[MATERIAL SUPPLIED]
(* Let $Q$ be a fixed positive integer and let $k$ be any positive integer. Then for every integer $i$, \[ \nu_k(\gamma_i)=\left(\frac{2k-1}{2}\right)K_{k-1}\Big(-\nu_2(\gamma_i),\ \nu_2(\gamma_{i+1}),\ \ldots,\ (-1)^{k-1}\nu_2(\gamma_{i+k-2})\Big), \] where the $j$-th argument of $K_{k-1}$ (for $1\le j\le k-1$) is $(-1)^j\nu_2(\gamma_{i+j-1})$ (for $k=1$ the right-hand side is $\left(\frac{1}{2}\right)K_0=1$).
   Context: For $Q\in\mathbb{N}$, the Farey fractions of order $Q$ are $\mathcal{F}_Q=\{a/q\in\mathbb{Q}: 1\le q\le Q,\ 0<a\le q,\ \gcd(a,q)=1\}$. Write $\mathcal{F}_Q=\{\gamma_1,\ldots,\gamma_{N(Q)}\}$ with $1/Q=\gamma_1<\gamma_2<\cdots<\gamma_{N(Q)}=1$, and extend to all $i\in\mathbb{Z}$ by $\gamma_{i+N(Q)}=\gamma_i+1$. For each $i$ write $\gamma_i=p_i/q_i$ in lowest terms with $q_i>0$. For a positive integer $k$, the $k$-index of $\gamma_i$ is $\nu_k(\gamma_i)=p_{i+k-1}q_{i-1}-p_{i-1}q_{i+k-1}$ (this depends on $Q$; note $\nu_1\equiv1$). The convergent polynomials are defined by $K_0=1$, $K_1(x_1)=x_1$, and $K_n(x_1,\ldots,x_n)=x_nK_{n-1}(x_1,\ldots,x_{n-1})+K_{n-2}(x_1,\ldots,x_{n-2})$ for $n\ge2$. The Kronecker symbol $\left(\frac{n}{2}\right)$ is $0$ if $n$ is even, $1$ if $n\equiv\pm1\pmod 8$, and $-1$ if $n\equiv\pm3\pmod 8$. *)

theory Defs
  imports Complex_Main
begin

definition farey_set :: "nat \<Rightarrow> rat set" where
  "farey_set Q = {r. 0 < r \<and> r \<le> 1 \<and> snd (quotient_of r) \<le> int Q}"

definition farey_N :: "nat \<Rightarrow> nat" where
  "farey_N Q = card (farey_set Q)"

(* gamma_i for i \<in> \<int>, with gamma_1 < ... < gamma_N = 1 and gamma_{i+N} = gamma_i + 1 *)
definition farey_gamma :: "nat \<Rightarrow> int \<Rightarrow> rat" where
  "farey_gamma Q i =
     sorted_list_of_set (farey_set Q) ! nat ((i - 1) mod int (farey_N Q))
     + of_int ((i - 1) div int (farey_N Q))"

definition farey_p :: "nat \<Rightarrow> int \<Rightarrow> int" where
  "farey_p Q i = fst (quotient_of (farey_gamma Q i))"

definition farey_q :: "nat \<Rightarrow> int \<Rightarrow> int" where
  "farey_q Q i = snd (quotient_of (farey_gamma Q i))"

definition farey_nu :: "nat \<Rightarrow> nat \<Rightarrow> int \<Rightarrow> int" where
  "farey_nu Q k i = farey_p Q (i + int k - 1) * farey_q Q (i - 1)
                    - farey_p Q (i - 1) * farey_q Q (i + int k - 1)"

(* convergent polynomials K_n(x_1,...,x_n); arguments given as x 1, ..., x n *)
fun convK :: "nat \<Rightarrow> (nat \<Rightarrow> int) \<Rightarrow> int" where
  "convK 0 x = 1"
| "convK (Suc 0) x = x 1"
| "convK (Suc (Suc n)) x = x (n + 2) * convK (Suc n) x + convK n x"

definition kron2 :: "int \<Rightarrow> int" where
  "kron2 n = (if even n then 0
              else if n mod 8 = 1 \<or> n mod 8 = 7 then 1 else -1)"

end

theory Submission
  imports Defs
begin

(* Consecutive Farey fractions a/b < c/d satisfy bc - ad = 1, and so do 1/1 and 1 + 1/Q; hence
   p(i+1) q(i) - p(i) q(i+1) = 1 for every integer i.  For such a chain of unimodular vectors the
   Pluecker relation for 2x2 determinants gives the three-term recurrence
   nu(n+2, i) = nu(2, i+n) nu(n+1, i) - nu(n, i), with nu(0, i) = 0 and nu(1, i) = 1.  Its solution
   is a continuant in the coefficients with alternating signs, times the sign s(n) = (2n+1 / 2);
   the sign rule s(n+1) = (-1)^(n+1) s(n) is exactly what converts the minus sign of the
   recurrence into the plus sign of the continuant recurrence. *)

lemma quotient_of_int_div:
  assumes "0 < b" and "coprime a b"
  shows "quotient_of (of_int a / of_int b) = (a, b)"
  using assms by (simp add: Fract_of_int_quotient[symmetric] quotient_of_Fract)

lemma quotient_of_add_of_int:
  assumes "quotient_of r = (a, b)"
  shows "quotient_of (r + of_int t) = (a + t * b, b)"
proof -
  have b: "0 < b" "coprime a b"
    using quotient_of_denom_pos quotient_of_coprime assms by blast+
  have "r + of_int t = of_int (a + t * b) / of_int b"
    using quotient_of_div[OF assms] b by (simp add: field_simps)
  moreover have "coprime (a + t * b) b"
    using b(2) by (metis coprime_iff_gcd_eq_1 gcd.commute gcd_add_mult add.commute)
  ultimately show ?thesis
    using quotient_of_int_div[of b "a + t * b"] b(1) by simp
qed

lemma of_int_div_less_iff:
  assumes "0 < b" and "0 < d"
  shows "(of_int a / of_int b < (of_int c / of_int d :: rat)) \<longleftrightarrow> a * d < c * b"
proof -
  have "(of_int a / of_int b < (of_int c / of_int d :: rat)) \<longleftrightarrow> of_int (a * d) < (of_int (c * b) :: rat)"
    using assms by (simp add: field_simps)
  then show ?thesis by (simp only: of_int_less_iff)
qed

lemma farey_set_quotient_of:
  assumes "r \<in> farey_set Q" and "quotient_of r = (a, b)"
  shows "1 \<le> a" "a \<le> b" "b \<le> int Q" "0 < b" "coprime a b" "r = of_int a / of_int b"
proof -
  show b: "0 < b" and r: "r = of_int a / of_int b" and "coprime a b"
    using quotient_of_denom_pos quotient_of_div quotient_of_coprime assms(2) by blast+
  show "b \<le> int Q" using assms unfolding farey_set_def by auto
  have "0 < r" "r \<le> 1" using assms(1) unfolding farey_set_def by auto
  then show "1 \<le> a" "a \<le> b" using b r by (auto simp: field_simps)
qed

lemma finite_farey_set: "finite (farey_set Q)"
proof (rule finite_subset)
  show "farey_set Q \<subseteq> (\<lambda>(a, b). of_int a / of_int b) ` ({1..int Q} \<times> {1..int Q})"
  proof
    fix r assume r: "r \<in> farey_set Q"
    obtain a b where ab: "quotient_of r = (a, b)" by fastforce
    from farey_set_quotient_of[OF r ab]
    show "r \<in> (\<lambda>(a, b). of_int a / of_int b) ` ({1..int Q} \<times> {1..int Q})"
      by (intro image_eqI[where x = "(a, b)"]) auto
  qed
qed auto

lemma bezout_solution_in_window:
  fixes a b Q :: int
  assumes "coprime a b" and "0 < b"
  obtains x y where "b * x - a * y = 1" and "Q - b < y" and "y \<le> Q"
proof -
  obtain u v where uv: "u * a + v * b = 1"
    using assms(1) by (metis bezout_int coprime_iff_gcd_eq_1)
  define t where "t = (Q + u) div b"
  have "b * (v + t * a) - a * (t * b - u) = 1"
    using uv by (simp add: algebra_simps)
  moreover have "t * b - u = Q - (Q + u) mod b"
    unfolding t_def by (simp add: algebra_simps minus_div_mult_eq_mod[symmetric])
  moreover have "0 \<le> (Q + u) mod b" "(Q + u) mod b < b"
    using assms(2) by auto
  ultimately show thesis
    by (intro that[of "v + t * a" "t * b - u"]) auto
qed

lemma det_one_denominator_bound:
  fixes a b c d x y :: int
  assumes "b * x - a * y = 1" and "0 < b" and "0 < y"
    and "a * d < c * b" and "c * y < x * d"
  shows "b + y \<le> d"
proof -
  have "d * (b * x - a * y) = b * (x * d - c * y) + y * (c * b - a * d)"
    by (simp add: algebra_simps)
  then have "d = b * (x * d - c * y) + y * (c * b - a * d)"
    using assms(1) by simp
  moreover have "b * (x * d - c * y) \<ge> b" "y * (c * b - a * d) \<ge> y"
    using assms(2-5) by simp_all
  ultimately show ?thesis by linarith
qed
[/MATERIAL SUPPLIED]
[MATERIAL SUPPLIED]
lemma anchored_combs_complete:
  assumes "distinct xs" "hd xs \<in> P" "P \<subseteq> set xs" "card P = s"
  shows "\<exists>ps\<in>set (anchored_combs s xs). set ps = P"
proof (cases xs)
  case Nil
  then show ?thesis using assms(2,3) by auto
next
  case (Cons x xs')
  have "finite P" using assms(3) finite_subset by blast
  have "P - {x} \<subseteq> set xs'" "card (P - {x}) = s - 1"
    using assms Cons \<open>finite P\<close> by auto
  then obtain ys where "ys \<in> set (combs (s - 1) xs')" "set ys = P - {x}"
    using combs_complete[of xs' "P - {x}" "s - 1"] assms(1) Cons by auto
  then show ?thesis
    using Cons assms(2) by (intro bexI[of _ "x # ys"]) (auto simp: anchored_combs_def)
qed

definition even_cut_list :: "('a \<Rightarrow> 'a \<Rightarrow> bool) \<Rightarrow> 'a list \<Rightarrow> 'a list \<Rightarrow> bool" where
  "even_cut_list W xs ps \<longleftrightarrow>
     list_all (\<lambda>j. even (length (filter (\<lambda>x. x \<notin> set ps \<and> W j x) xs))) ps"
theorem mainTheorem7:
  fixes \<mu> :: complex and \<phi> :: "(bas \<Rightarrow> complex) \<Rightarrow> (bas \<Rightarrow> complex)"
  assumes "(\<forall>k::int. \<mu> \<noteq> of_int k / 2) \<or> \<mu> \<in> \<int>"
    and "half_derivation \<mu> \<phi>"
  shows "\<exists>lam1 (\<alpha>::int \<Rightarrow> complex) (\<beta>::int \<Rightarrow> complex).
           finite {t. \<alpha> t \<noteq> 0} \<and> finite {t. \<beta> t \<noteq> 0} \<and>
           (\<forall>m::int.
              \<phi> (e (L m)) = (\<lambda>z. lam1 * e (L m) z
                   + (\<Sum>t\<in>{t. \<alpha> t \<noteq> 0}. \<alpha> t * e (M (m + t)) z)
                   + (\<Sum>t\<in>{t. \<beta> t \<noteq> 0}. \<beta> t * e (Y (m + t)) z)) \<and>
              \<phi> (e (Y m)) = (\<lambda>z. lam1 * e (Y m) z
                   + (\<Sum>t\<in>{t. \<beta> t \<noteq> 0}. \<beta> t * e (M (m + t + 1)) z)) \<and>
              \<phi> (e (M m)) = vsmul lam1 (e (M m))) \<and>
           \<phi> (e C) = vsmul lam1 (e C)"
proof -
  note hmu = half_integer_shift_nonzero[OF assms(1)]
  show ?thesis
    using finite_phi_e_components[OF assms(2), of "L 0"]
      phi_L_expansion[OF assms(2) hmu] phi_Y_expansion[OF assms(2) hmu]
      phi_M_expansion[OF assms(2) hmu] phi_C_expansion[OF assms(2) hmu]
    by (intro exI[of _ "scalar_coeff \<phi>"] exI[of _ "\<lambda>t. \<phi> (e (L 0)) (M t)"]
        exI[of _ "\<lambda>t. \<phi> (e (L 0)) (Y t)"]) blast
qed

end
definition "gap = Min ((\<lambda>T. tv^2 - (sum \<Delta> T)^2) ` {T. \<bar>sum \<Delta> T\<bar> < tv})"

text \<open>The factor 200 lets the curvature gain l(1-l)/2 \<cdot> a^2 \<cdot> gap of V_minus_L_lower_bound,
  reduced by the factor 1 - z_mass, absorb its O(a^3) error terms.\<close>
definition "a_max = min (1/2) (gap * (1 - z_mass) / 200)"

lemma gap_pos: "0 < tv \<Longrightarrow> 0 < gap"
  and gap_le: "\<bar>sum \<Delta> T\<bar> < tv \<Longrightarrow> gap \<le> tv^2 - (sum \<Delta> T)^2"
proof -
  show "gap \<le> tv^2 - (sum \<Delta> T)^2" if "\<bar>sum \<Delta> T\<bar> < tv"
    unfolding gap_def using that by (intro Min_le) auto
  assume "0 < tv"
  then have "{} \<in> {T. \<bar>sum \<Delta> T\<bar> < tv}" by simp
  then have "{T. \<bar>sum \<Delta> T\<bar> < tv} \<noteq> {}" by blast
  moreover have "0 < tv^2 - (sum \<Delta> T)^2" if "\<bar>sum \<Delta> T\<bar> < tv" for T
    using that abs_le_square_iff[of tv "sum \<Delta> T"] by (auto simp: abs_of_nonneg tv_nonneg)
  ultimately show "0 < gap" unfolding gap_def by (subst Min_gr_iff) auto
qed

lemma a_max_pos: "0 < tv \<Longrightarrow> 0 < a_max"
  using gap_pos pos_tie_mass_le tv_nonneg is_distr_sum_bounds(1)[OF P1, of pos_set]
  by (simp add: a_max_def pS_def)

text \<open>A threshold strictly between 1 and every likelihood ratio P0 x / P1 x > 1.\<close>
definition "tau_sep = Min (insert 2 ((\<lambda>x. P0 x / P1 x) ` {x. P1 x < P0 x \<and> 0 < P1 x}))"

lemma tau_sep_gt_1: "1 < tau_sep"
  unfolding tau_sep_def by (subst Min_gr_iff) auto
[/MATERIAL SUPPLIED]
[MATERIAL SUPPLIED]
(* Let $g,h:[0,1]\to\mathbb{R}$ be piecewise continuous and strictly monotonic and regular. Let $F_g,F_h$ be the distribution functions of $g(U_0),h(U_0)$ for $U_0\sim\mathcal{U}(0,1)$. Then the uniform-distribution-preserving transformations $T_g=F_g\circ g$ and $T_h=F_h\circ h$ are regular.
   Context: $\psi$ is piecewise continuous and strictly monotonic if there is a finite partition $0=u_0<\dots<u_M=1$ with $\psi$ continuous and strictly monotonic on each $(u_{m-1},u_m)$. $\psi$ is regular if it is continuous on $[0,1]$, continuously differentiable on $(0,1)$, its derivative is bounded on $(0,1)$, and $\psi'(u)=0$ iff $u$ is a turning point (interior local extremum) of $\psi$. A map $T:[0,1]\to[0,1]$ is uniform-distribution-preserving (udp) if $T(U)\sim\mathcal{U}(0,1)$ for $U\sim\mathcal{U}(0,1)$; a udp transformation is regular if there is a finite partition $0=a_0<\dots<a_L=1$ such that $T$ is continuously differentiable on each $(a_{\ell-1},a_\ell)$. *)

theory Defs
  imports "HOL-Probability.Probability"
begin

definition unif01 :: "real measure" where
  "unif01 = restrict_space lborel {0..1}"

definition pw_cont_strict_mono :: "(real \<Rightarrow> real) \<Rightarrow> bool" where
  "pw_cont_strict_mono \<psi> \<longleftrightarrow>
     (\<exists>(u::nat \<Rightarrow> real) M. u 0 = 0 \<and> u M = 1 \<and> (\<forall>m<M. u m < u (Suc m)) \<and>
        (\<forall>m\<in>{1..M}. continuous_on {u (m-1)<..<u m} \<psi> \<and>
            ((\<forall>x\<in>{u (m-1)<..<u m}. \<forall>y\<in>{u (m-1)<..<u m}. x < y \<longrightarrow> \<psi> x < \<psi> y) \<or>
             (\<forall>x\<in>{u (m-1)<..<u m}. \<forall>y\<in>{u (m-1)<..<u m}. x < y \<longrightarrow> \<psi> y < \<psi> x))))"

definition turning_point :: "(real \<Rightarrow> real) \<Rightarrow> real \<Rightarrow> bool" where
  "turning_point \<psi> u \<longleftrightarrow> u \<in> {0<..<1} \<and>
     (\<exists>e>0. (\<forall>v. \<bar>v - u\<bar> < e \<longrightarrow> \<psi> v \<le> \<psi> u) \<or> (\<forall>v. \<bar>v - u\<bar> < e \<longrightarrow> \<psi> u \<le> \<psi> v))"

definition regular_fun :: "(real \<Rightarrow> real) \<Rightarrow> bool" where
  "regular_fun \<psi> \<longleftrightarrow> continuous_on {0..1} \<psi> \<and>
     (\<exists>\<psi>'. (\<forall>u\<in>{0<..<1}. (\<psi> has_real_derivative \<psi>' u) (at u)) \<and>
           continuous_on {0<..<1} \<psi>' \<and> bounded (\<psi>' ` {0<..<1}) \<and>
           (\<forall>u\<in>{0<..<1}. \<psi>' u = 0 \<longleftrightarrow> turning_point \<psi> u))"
[/MATERIAL SUPPLIED]
**AIM OF THE TASK:**
Taking the entries above, write out exactly each line from the one holding "(\<exists>(u::nat \<Rightarrow> real)" to the one holding "< \<psi> y) \<or>", both included, and stop there.

**YOUR SOLUTION:**
     (\<exists>(u::nat \<Rightarrow> real) M. u 0 = 0 \<and> u M = 1 \<and> (\<forall>m<M. u m < u (Suc m)) \<and>
        (\<forall>m\<in>{1..M}. continuous_on {u (m-1)<..<u m} \<psi> \<and>
            ((\<forall>x\<in>{u (m-1)<..<u m}. \<forall>y\<in>{u (m-1)<..<u m}. x < y \<longrightarrow> \<psi> x < \<psi> y) \<or>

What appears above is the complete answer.